§ **TASK BRIEF**
Every line from the beginning of the data through the line containing "nat \<Rightarrow> nat" should be reproduced exactly, and no further lines should be output.

§ **DATA FOR THE TASK**
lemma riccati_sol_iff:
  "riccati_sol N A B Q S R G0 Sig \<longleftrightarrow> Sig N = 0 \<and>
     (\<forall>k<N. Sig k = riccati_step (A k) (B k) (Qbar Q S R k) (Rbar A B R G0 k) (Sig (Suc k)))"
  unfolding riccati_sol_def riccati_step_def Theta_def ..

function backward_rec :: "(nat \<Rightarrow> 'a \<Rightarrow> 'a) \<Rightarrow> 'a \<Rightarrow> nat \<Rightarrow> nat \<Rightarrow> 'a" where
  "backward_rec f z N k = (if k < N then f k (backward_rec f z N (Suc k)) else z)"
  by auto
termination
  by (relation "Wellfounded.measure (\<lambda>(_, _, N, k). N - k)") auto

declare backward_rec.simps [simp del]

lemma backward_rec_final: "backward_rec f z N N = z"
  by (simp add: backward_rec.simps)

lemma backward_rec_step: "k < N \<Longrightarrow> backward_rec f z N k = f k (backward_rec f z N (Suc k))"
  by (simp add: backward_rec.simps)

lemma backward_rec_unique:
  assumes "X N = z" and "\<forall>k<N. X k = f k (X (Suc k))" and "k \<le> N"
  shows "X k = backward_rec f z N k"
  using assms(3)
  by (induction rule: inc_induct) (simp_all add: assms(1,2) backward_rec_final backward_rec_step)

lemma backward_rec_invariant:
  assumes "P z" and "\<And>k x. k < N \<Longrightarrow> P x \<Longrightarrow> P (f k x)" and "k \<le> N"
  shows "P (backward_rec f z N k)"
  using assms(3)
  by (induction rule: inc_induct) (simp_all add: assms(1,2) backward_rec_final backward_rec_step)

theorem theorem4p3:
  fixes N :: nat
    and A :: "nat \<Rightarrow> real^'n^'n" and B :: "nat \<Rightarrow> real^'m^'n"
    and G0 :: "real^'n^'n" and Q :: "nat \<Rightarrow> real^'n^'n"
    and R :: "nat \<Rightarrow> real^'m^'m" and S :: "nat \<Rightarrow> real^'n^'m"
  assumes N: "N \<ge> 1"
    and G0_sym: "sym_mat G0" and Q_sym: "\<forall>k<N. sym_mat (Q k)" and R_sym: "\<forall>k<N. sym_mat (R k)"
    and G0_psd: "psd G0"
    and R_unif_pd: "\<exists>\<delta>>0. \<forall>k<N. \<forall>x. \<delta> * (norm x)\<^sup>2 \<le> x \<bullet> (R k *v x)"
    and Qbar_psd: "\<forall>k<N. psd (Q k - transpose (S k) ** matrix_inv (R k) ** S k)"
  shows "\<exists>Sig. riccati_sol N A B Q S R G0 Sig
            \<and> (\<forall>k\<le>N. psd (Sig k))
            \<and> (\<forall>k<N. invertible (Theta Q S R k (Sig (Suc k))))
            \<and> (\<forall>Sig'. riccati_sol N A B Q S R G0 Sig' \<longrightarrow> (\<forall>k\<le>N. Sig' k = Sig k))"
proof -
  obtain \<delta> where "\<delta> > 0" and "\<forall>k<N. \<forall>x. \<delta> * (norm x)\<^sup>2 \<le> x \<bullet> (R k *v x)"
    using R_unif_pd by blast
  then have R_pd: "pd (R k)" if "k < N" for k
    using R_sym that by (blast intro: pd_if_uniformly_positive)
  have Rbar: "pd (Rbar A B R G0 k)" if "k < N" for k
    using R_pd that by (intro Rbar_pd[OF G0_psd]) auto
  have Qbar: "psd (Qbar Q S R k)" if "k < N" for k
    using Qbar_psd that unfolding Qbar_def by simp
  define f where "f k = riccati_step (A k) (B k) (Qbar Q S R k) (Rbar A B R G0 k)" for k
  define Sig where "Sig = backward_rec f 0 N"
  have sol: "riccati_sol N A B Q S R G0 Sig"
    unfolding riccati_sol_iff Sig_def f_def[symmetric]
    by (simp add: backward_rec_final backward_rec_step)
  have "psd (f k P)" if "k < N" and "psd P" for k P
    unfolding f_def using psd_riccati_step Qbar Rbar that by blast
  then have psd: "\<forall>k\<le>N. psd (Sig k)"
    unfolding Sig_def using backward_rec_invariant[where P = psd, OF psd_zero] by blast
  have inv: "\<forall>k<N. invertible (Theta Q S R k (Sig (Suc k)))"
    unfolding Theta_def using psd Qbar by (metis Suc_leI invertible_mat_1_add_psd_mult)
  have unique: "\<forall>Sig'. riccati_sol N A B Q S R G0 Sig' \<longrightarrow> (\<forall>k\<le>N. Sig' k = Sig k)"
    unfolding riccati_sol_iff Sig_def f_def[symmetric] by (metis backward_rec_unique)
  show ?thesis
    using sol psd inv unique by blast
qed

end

§ **SOLVED PROBLEM**
lemma riccati_sol_iff:
  "riccati_sol N A B Q S R G0 Sig \<longleftrightarrow> Sig N = 0 \<and>
     (\<forall>k<N. Sig k = riccati_step (A k) (B k) (Qbar Q S R k) (Rbar A B R G0 k) (Sig (Suc k)))"
  unfolding riccati_sol_def riccati_step_def Theta_def ..

function backward_rec :: "(nat \<Rightarrow> 'a \<Rightarrow> 'a) \<Rightarrow> 'a \<Rightarrow> nat \<Rightarrow> nat \<Rightarrow> 'a" where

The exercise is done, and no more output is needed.